Alabama is only eight percent Catholic, a small minority, and the vast majority of the anti-abortion nonsense comes from Protestants. But the local Catholic church has a “God is Pro-Life” sign in the front yard, and does have members who participate in anti-abortion efforts.
I brought the Protestants up I think to make the point that anti-abortion rhetoric is often seen to come from the South, and from the Catholic Church, and the two are not the same thing.
I grew up in Southern Baptist territory; at the time of Roe, the Southern Baptist Convention was in support of it, but leadership changed and…well…
Now I live in territory split nearly evenly between Catholic and Lutheran, I don’t remember which synod, but it is one of the conservative ones that dominates here. The Catholics in my town are mostly with the USCCB, some of them even more conservative. The Catholic school children have had to do anti-abortion posters every year, and participate in anti-abortion protests and stuff. My Catholic friends in Lincoln are more like I hear the rank and file Catholics described, and they are much better than the God they worship.

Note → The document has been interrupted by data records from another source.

lemma QPclosed_le_capped:
  assumes valid: "valid_state C P" and k: "k \<in> dom P" and j: "j \<in> C"
    and IH: "\<And>s x. V (C - {j}) (P(j \<mapsto> s)) x \<le> capped (C - {j}) (P(j \<mapsto> s)) x"
  shows "QP C P z j \<le> capped C P z"
proof -
  have jN: "j < N" using valid_state_closed_lt[OF valid j] .
  have "j \<noteq> k" using valid j k by (auto simp: valid_state_def)
  interpret J: box_law "M j" by (rule box_law[OF jN])
  let ?G = "\<lambda>s. V (C - {j}) ((P(k := None))(j \<mapsto> s))"
  have G: "slope01 (?G s)" for s
    using valid j by (intro optval_slope01 valid_state_P_open valid_state_F_open_partial) auto
  have "(\<integral>\<omega>. V (C - {j}) (P(j \<mapsto> snd \<omega>)) z \<partial>M j)
      \<le> (\<integral>\<omega>. condE (M k) tk (\<lambda>v. ?G (snd \<omega>) (max z (min v \<sigma>))) \<partial>M j)"
  proof (rule integral_mono)
    show "V (C - {j}) (P(j \<mapsto> snd \<omega>)) z \<le> condE (M k) tk (\<lambda>v. ?G (snd \<omega>) (max z (min v \<sigma>)))" for \<omega>
      using IH[of "snd \<omega>" z] fun_upd_twist[OF \<open>j \<noteq> k\<close>, of P "Some (snd \<omega>)" None]
      by (simp add: capped_def)
  qed (rule J.integrable_type_fun[of "\<lambda>s. V (C - {j}) (P(j \<mapsto> s)) z"],
      rule J.integrable_type_fun[of "\<lambda>s. condE (M k) tk (\<lambda>v. ?G s (max z (min v \<sigma>)))"])
  also have "\<dots> = condE (M k) tk (\<lambda>v. \<integral>\<omega>. ?G (snd \<omega>) (max z (min v \<sigma>)) \<partial>M j)"
    by (rule J.integral_type_condE_swap[OF box_law[OF k_lt] linear_growth_capped[OF G]])
  finally have "QP C P z j \<le> - cP j + condE (M k) tk (\<lambda>v. \<integral>\<omega>. ?G (snd \<omega>) (max z (min v \<sigma>)) \<partial>M j)"
    unfolding QPclosed_def by simp
  also have "\<dots> = condE (M k) tk (\<lambda>v. QP C (P(k := None)) (max z (min v \<sigma>)) j)"
    unfolding QPclosed_def
    using K.condE_const_add[OF type_pos linear_growth_capped[OF J.integral_type_slope01[of ?G, OF G]],
        where c="- cP j"]
    by simp
  also have "\<dots> \<le> capped C P z"
    using valid jN G j
    by (intro condE_le_capped QPclosed_slope01 QPclosed_le_optval valid_state_F_open_partial)
  finally show ?thesis .
qed

lemma QFpartial_le_capped:
  assumes valid: "valid_state C P" and j: "j \<in> dom P" "j \<noteq> k"
    and IH: "\<And>x. V C (P(j := None)) x \<le> capped C (P(j := None)) x"
  shows "QFp C P z j \<le> capped C P z"
proof -
  have jN: "j < N" using valid_state_partial_lt[OF valid j(1)] .
  interpret J: box_law "M j" by (rule box_law[OF jN])
  obtain s where s: "P j = Some s" using j(1) by auto
  have jP: "j \<in> dom (P(k := None))" using j by simp
  let ?G = "V C ((P(k := None))(j := None))"
  let ?H = "\<lambda>x v. ?G (max (max z (min v \<sigma>)) x)"
  have G: "slope01 ?G"
    using valid by (intro optval_slope01 valid_state_F_open_partial)
  have H: "linear_growth2 ?H"
    by (rule linear_growth2_max[OF G slope01_cap])
  have "condE (M j) s (\<lambda>x. V C (P(j := None)) (max z x)) \<le> condE (M j) s (\<lambda>x. condE (M k) tk (?H x))"
  proof (rule J.condE_mono)
    show "linear_growth (\<lambda>x. V C (P(j := None)) (max z x))"
      using valid by (intro slope01_linear_growth slope01_comp[OF optval_slope01 slope01_max]
          valid_state_F_open_partial)
    show "linear_growth (\<lambda>x. condE (M k) tk (?H x))"
      by (rule K.linear_growth_condE[OF H])
    show "V C (P(j := None)) (max z x) \<le> condE (M k) tk (?H x)" for x
      using IH[of "max z x"] fun_upd_twist[OF j(2), of P None None]
      by (simp add: capped_def ac_simps)
  qed
  also have "\<dots> = condE (M k) tk (\<lambda>v. condE (M j) s (\<lambda>x. ?H x v))"
    by (rule condE_condE_swap[OF box_law[OF jN] box_law[OF k_lt] H])
  finally have "QFp C P z j \<le> - cF j + condE (M k) tk (\<lambda>v. condE (M j) s (\<lambda>x. ?H x v))"
    unfolding QFpartial_def using s by simp
  also have "\<dots> = condE (M k) tk (\<lambda>v. QFp C (P(k := None)) (max z (min v \<sigma>)) j)"
    unfolding QFpartial_def
    using s j(2) K.condE_const_add[OF type_pos J.linear_growth_condE[OF linear_growth2_swap[OF H]],
        where c="- cF j"]
    by simp
  also have "\<dots> \<le> capped C P z"
    using valid jN G jP
    by (intro condE_le_capped QFpartial_slope01 QFpartial_le_optval valid_state_F_open_partial)
  finally show ?thesis .
qed

lemma QFpartial_k_le_capped:
  assumes valid: "valid_state C P" and k: "P k = Some tk"
  shows "QFp C P z k \<le> capped C P z"
proof -
  let ?G = "V C (P(k := None))"
  have G: "slope01 ?G"
    using valid by (intro optval_slope01 valid_state_F_open_partial)
  \<comment> \<open>The uncapped prize exceeds the capped one by \<open>(V\<^sub>k - \<sigma>)\<^sup>+\<close>, whose conditional mean is \<open>cF k\<close>.\<close>
  have "?G (max z v) \<le> ?G (max z (min v \<sigma>)) + max 0 (v - \<sigma>)" for v
  proof -
    have "max z (min v \<sigma>) \<le> max z v" "max z v - max z (min v \<sigma>) \<le> max 0 (v - \<sigma>)"
      by (auto simp: max_def min_def)
    then show ?thesis using slope01_shift[OF G, of "max z (min v \<sigma>)" "max z v"] by linarith
  qed
  then have "condE (M k) tk (\<lambda>v. ?G (max z v))
      \<le> condE (M k) tk (\<lambda>v. ?G (max z (min v \<sigma>)) + max 0 (v - \<sigma>))"
    by (intro K.condE_mono linear_growth_add linear_growth_capped[OF G] slope01_linear_growth
        slope01_comp[OF G slope01_max] slope01_excess)
  also have "\<dots> = capped C P z + cF k"
    unfolding capped_def sigma_eq[symmetric]
    by (intro K.condE_add linear_growth_capped[OF G] slope01_linear_growth[OF slope01_excess])
  finally show ?thesis
    unfolding QFpartial_def using k by simp
qed

theorem optval_le_capped:
  "valid_state C P \<Longrightarrow> P k = Some tk \<Longrightarrow> V C P z \<le> capped C P z"
proof (induction "state_size C P" arbitrary: C P z rule: less_induct)
  case less
  note valid = less.prems(1) and k = less.prems(2)
  note fin = valid_state_finite[OF valid]
  have "k \<in> dom P" using k by auto
  show ?case
  proof (rule optval_le[OF valid stop_le_capped[OF valid]])
    fix j
    assume j: "j \<in> C"
    then have "j \<noteq> k" using valid \<open>k \<in> dom P\<close> by (auto simp: valid_state_def)
    show "QF C P z j \<le> capped C P z"
      using valid fin j k
      by (intro QFclosed_le_capped less.hyps state_size_F_open valid_state_F_open)
    show "QP C P z j \<le> capped C P z"
      using valid fin j k \<open>j \<noteq> k\<close> \<open>k \<in> dom P\<close>
      by (intro QPclosed_le_capped less.hyps state_size_P_open valid_state_P_open) auto
  next
    fix j
    assume j: "j \<in> dom P"
    show "QFp C P z j \<le> capped C P z"
    proof (cases "j = k")
      case True
      then show ?thesis using QFpartial_k_le_capped[OF valid k] by simp
    next
      case False
      then show ?thesis
        using valid fin j k
        by (intro QFpartial_le_capped less.hyps state_size_F_open_partial valid_state_F_open_partial)
          auto
    qed
  qed
qed

lemma capped_eq_stop:
  assumes "\<sigma> \<le> y" and stop: "\<And>w. \<sigma> \<le> w \<Longrightarrow> V C (P(k := None)) w = w"
  shows "capped C P y = y"
proof -
  have "V C (P(k := None)) (max y (min v \<sigma>)) = y" for v
  proof -
    have "max y (min v \<sigma>) = y" using \<open>\<sigma> \<le> y\<close> by (auto simp: max_def min_def)
    then show ?thesis using stop[OF \<open>\<sigma> \<le> y\<close>] by simp
  qed
  then show ?thesis
    unfolding capped_def using K.condE_const[OF type_pos] by simp
qed

lemma QFpartial_k_eq_capped:
  assumes k: "P k = Some tk" and "y < \<sigma>" and stop: "\<And>w. \<sigma> \<le> w \<Longrightarrow> V C (P(k := None)) w = w"
    and valid: "valid_state C P"
  shows "QFp C P y k = capped C P y"
proof -
  let ?G = "V C (P(k := None))"
  have G: "slope01 ?G"
    using valid by (intro optval_slope01 valid_state_F_open_partial)
  have pointwise: "?G (max y v) = ?G (max y (min v \<sigma>)) + max 0 (v - \<sigma>)" for v
  proof (cases "v \<le> \<sigma>")
    case False
    then have "max y v = v" "max y (min v \<sigma>) = \<sigma>" using \<open>y < \<sigma>\<close> by auto
    moreover have "?G v = v" "?G \<sigma> = \<sigma>" using False by (auto intro: stop)
    ultimately show ?thesis using False by simp
  next
    case True
    then show ?thesis by (simp add: min_def)
  qed
  \<comment> \<open>Not by simp: the right-hand side of \<open>pointwise\<close> matches its left-hand side again.\<close>
  have "condE (M k) tk (\<lambda>v. ?G (max y v))
      = condE (M k) tk (\<lambda>v. ?G (max y (min v \<sigma>)) + max 0 (v - \<sigma>))"
    by (rule arg_cong[where f="condE (M k) tk"], rule ext, rule pointwise)
  also have "\<dots> = capped C P y + cF k"
    unfolding capped_def sigma_eq[symmetric]
    by (rule K.condE_add[OF linear_growth_capped[OF G] slope01_linear_growth[OF slope01_excess]])
  finally show ?thesis
    unfolding QFpartial_def using k by simp
qed

end

section \<open>Stopping above all thresholds\<close>

context pandora
begin

definition thresholds_below :: "nat set \<Rightarrow> (nat \<rightharpoonup> 't) \<Rightarrow> real \<Rightarrow> bool" where
  "thresholds_below C P z \<longleftrightarrow>
     (\<forall>j\<in>C. sigmaF (M j) (cF j) \<le> z \<and> sigmaP (M j) (cF j) (cP j) \<le> z)
     \<and> (\<forall>j\<in>dom P. sigmaFcond (M j) (cF j) (the (P j)) \<le> z)"

definition positive_types :: "(nat \<rightharpoonup> 't) \<Rightarrow> bool" where
  "positive_types P \<longleftrightarrow> (\<forall>j t. P j = Some t \<longrightarrow> 0 < type_prob (M j) t)"

lemma QFclosed_le_stop:
  assumes valid: "valid_state C P" and j: "j \<in> C" and sigma: "sigmaF (M j) (cF j) \<le> z"
    and stop: "\<And>x. z \<le> x \<Longrightarrow> V (C - {j}) P x = x"
  shows "QF C P z j \<le> z"
proof -
  have jN: "j < N" using valid_state_closed_lt[OF valid j] .
  have "(\<integral>\<omega>. V (C - {j}) P (max z (fst \<omega>)) \<partial>M j) = (\<integral>\<omega>. max z (fst \<omega>) \<partial>M j)"
    by (rule Bochner_Integration.integral_cong) (simp_all add: stop)
  then show ?thesis
    unfolding QFclosed_def using box_law.sigmaF_le[OF box_law[OF jN] cF_pos[OF jN] sigma] by simp
qed

lemma QFpartial_le_stop:
  assumes valid: "valid_state C P" and j: "P j = Some s" and p: "0 < type_prob (M j) s"
    and sigma: "sigmaFcond (M j) (cF j) s \<le> z"
    and stop: "\<And>x. z \<le> x \<Longrightarrow> V C (P(j := None)) x = x"
  shows "QFp C P z j \<le> z"
proof -
  have jN: "j < N" using valid_state_partial_lt[OF valid] j by blast
  have "V C (P(j := None)) (max z v) = max z v" for v
    using stop by simp
  then show ?thesis
    unfolding QFpartial_def using box_law.sigmaFcond_le[OF box_law[OF jN] cF_pos[OF jN] p] sigma j
    by simp
qed

lemma QPclosed_le_stop:
  assumes valid: "valid_state C P" and j: "j \<in> C" and sigma: "sigmaP (M j) (cF j) (cP j) \<le> z"
    and stop: "\<And>x. z \<le> x \<Longrightarrow> V (C - {j}) P x = x"
  shows "QP C P z j \<le> z"
proof -
  have jN: "j < N" using valid_state_closed_lt[OF valid j] .
  interpret J: box_law "M j" by (rule box_law[OF jN])
  let ?gain = "\<lambda>s. max 0 (- cF j + condE (M j) s (\<lambda>v. max 0 (v - z)))"
  have "j \<notin> dom P" using valid j by (auto simp: valid_state_def)
  then have P_j: "P(j := None) = P" by (simp add: domIff fun_upd_idem)
  \<comment> \<open>After observing type \<open>s\<close>, the capped bound for box \<open>j\<close> itself limits the continuation.\<close>
  have "V (C - {j}) (P(j \<mapsto> s)) z * type_prob (M j) s \<le> (z + ?gain s) * type_prob (M j) s" for s
  proof (cases "type_prob (M j) s = 0")
    case False
    then have p: "0 < type_prob (M j) s" using type_prob_nonneg[of "M j" s] by linarith
    define \<sigma> where "\<sigma> = sigmaFcond (M j) (cF j) s"
    have sigma_eq: "condE (M j) s (\<lambda>v. max 0 (v - \<sigma>)) = cF j"
      unfolding \<sigma>_def by (rule J.sigmaFcond_eq[OF cF_pos[OF jN] p])
    interpret capped_box N M cF cP j s \<sigma>
      by (intro capped_box.intro capped_box_axioms.intro pandora_axioms jN p sigma_eq)
    have "V (C - {j}) (P(j \<mapsto> s)) z \<le> capped (C - {j}) (P(j \<mapsto> s)) z"
      using valid j by (intro optval_le_capped valid_state_P_open) auto
    also have "\<dots> = condE (M j) s (\<lambda>v. max z (min v \<sigma>))"
      unfolding capped_def using stop P_j by simp
    also have "\<dots> = z + ?gain s"
      by (rule J.condE_max_min[OF p sigma_eq])
    finally show ?thesis by (rule mult_right_mono) simp
  qed simp
  then have "QP C P z j \<le> - cP j + (\<Sum>s\<in>UNIV. (z + ?gain s) * type_prob (M j) s)"
    unfolding QPclosed_def J.integral_type_fun[of "\<lambda>s. V (C - {j}) (P(j \<mapsto> s)) z"]
    by (simp add: sum_mono)
  also have "\<dots> = - cP j + z + J.partial_gain (cF j) z"
    unfolding J.partial_gain_def J.integral_type_fun[of ?gain]
    by (simp add: distrib_right sum.distrib sum_distrib_left[symmetric] J.sum_type_prob)
  also have "\<dots> \<le> z"
    using J.partial_gain_le[OF cF_pos[OF jN] cP_pos[OF jN] sigma] by simp
  finally show ?thesis .
qed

I remember having a discussion when I was in Texas with a Catholic friend. I was reading The Harlot by the Side of the Road and telling her and another friend about it. My Catholic friend (the other was basically atheist; she said she believed in all of the gods and none of the gods, which is sort of nonsense when you think about it, but I think that was the point) My Catholic friend kept telling me “That isn’t in the Bible”. These were all stories about women, all from the Old Testament (or Jewish Bible), and even when I gave her chapter and verse so she could look it up, she told me she had read the Bible and knew those stories weren’t in there. I also had read the Bible, but perhaps without the blinders of religion, you are able to see warts and all.